Mais polêmica à vista: as cenas de ação do original não eram lá tão empolgantes assim, cá entre nós. A batalha final do Star Wars de 1977 dava de 2 mil a zero, em decupagem visual e envolvimento entre os pilotos. Dessa vez, é uma experiência imersiva, à flor da pele. Dá pra sentir a gravidade mudar na cadeira, até porque os atores sentiam. Quase tudo realizado e captado sem o uso de efeitos especiais, com atores treinados a lidar com pressões das cabines e Cruise de fato lá dentro fazendo aqueles absurdos. Algo esperado, afinal ele é louco. Ele é o Maverick. 

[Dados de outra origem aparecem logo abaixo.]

(* Let $R>0$, $n\in\mathbb N$, $Q,K,V\in\mathbb R^{k\times d}$, $A:=K^\top Q/\sqrt k$. Let $f^m$ be masked self-attention and $F^m$ mean-field masked self-attention with parameters $(A,V)$. Then $$\mathrm{Lip}^{\|\cdot\|_F}\big(f^m_{|B_R^n}\big)\le\mathrm{Lip}^{d_2}\big(F^m_{|\mathcal P([0,1]\times B_R)}\big).$$
   Context: Masked self-attention: for $X=(x_1,\dots,x_n)\in(\mathbb R^d)^n$, $f^m(X)_i=V\sum_{j=1}^iP_{ij}x_j$ with $P_{ij}=\exp(x_i^\top A^\top x_j)/\sum_{l=1}^i\exp(x_i^\top A^\top x_l)$ for $j\le i$. $\mathrm{Lip}^{\|\cdot\|_F}(f^m_{|\mathcal X})=\sup_{X\ne Y\in\mathcal X}\|f^m(X)-f^m(Y)\|_F/\|X-Y\|_F$ with Frobenius norm $\|X\|_F=(\sum_i|x_i|^2)^{1/2}$. $B_R\subset\mathbb R^d$ is the closed ball of center 0, radius $R$. Mean-field masked self-attention: for a compactly supported probability measure $\bar\mu$ on $[0,1]\times\mathbb R^d$, $F^m(\bar\mu):=(\Gamma_{\bar\mu})_\sharp\bar\mu$ (pushforward), where $\Gamma_{\bar\mu}(s,x)=\Big(s,\dfrac{\int\exp(x^\top A^\top y)Vy\mathbf 1_{\tau\le s}d\bar\mu(\tau,y)}{\int\exp(x^\top A^\top y)\mathbf 1_{\tau\le s}d\bar\mu(\tau,y)}\Big)$. Distance $d_p$ ($p\ge1$): if $\bar\mu,\bar\nu$ have the same first marginal $\theta$ on $[0,1]$, disintegrate $d\bar\mu(\tau,x)=d\theta(\tau)d\mu^\tau(x)$, $d\bar\nu(\tau,x)=d\theta(\tau)d\nu^\tau(x)$ and set $d_p(\bar\mu,\bar\nu)=\big(\int_0^1W_p(\mu^\tau,\nu^\tau)^pd\theta(\tau)\big)^{1/p}$, where $W_p$ is the $p$-Wasserstein distance; otherwise $d_p(\bar\mu,\bar\nu)=+\infty$. $\mathcal P([0,1]\times B_R)$ is the set of probability measures supported in $[0,1]\times B_R$, and $\mathrm{Lip}^{d_2}(F^m_{|\mathcal X})$ is the supremum of $d_2(F^m(\bar\mu),F^m(\bar\nu))/d_2(\bar\mu,\bar\nu)$ over pairs $\bar\mu\ne\bar\nu$ in $\mathcal X$ with the same first marginal. *)

theory Defs
  imports "HOL-Probability.Probability"
begin

definition attn_A :: "real^'d^'k \<Rightarrow> real^'d^'k \<Rightarrow> real^'d^'d" where
  "attn_A Q K = (1 / sqrt (real CARD('k))) *\<^sub>R (transpose K ** Q)"

text \<open>Sequences X = (x_1,...,x_n) are lists of length n (0-indexed).
  x_i^T A^T x_j = (A x_i) . x_j.\<close>
definition attn_P :: "real^'d^'d \<Rightarrow> (real^'d) list \<Rightarrow> nat \<Rightarrow> nat \<Rightarrow> real" where
  "attn_P A X i j =
     exp ((A *v (X!i)) \<bullet> (X!j)) / (\<Sum>l\<le>i. exp ((A *v (X!i)) \<bullet> (X!l)))"

definition masked_sa :: "real^'d^'d \<Rightarrow> real^'d^'k \<Rightarrow> (real^'d) list \<Rightarrow> (real^'k) list" where
  "masked_sa A V X = map (\<lambda>i. V *v (\<Sum>j\<le>i. attn_P A X i j *\<^sub>R (X!j))) [0..<length X]"

definition frob_norm :: "('a::real_normed_vector) list \<Rightarrow> real" where
  "frob_norm X = sqrt (\<Sum>x\<leftarrow>X. (norm x)^2)"

definition list_diff :: "('a::ab_group_add) list \<Rightarrow> 'a list \<Rightarrow> 'a list" where
  "list_diff X Y = map2 (-) X Y"

definition ball_tuples :: "real \<Rightarrow> nat \<Rightarrow> (real^'d) list set" where
  "ball_tuples R n = {X. length X = n \<and> set X \<subseteq> cball 0 R}"

definition lip_frob ::
  "(('a::real_normed_vector) list \<Rightarrow> ('b::real_normed_vector) list) \<Rightarrow> 'a list set \<Rightarrow> ennreal" where
  "lip_frob f S = (SUP (X, Y) \<in> {(X, Y). X \<in> S \<and> Y \<in> S \<and> X \<noteq> Y}.
      ennreal (frob_norm (list_diff (f X) (f Y)) / frob_norm (list_diff X Y)))"

definition Gamma_mf :: "real^'d^'d \<Rightarrow> real^'d^'k \<Rightarrow> (real \<times> (real^'d)) measure
    \<Rightarrow> real \<times> (real^'d) \<Rightarrow> real \<times> (real^'k)" where
  "Gamma_mf A V \<mu> = (\<lambda>(s, x).
     (s, (1 / (integral\<^sup>L \<mu> (\<lambda>(\<tau>, y). exp ((A *v x) \<bullet> y) * indicator {..s} \<tau>))) *\<^sub>R
         integral\<^sup>L \<mu> (\<lambda>(\<tau>, y). (exp ((A *v x) \<bullet> y) * indicator {..s} \<tau>) *\<^sub>R (V *v y))))"

definition mf_masked_sa :: "real^'d^'d \<Rightarrow> real^'d^'k \<Rightarrow> (real \<times> (real^'d)) measure
    \<Rightarrow> (real \<times> (real^'k)) measure" where
  "mf_masked_sa A V \<mu> = distr \<mu> borel (Gamma_mf A V \<mu>)"

definition prob_supp :: "real \<Rightarrow> (real \<times> (real^'d)) measure set" where
  "prob_supp R = {\<mu>. sets \<mu> = sets borel \<and> prob_space \<mu> \<and>
                     emeasure \<mu> ({0..1} \<times> cball 0 R) = 1}"

definition enn_root :: "real \<Rightarrow> ennreal \<Rightarrow> ennreal" where
  "enn_root p x = (if x = \<top> then \<top> else ennreal (enn2real x powr (1 / p)))"

definition couplings :: "('a::euclidean_space) measure \<Rightarrow> 'a measure \<Rightarrow> ('a \<times> 'a) measure set" where
  "couplings \<mu> \<nu> = {\<pi>. sets \<pi> = sets borel \<and> prob_space \<pi> \<and>
                       distr \<pi> borel fst = \<mu> \<and> distr \<pi> borel snd = \<nu>}"

definition wasserstein_pow :: "real \<Rightarrow> ('a::euclidean_space) measure \<Rightarrow> 'a measure \<Rightarrow> ennreal" where
  "wasserstein_pow p \<mu> \<nu> =
     (INF \<pi> \<in> couplings \<mu> \<nu>. \<integral>\<^sup>+ (x, y). ennreal (norm (x - y) powr p) \<partial>\<pi>)"

definition wasserstein :: "real \<Rightarrow> ('a::euclidean_space) measure \<Rightarrow> 'a measure \<Rightarrow> ennreal" where
  "wasserstein p \<mu> \<nu> = enn_root p (wasserstein_pow p \<mu> \<nu>)"

definition first_marginal :: "(real \<times> 'a::euclidean_space) measure \<Rightarrow> real measure" where
  "first_marginal \<mu> = distr \<mu> borel fst"

definition is_disintegration ::
  "(real \<times> 'a::euclidean_space) measure \<Rightarrow> (real \<Rightarrow> 'a measure) \<Rightarrow> bool" where
  "is_disintegration \<mu> \<kappa> \<longleftrightarrow>
     (\<forall>\<tau>. sets (\<kappa> \<tau>) = sets borel \<and> prob_space (\<kappa> \<tau>)) \<and>
     (\<forall>B \<in> sets borel. (\<lambda>\<tau>. emeasure (\<kappa> \<tau>) B) \<in> borel_measurable borel) \<and>
     (\<forall>S \<in> sets borel. \<forall>B \<in> sets borel.
        emeasure \<mu> (S \<times> B) = (\<integral>\<^sup>+ \<tau>. indicator S \<tau> * emeasure (\<kappa> \<tau>) B \<partial>(first_marginal \<mu>)))"

definition disint :: "(real \<times> 'a::euclidean_space) measure \<Rightarrow> real \<Rightarrow> 'a measure" where
  "disint \<mu> = (SOME \<kappa>. is_disintegration \<mu> \<kappa>)"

A missão especial que puxa a trama pede que a equipe principal execute dois milagres, fundamentais pra tudo dar certo. Pois me parece que esse "Top Gun : Maverick" é, em si, o milagre. Presenciei uma sala de Cinema quase lotada em absoluto silêncio, inúmeras vezes ao longo da sessão. Consegui prestar atenção em pessoas vibrando nas cadeiras, rindo de nervoso, rindo com vontade, chorando de soluçar. Me vi completamente envolvido e arrepiado - eu mesmo, sempre indiferente ao original. De quebra, o filme foi lançado com pompa e luxo e tapete vermelho no Festival de Cannes (!), já rendeu mais de 700 milhões de dólares e se tornou o filme mais lucrativo da carreira de Tom Cruise. O que mais um cinemão pipoca desse porte pode desejar? É como se tivessem feito aquele show de testosterona em 1986 só para justificar e "dar razão de ser" para esse real FILMAÇO realizado 36 anos depois. É como se uma espera (não planejada) por mais de três décadas tivesse valido muito a pena. Pois vale. Vale demais.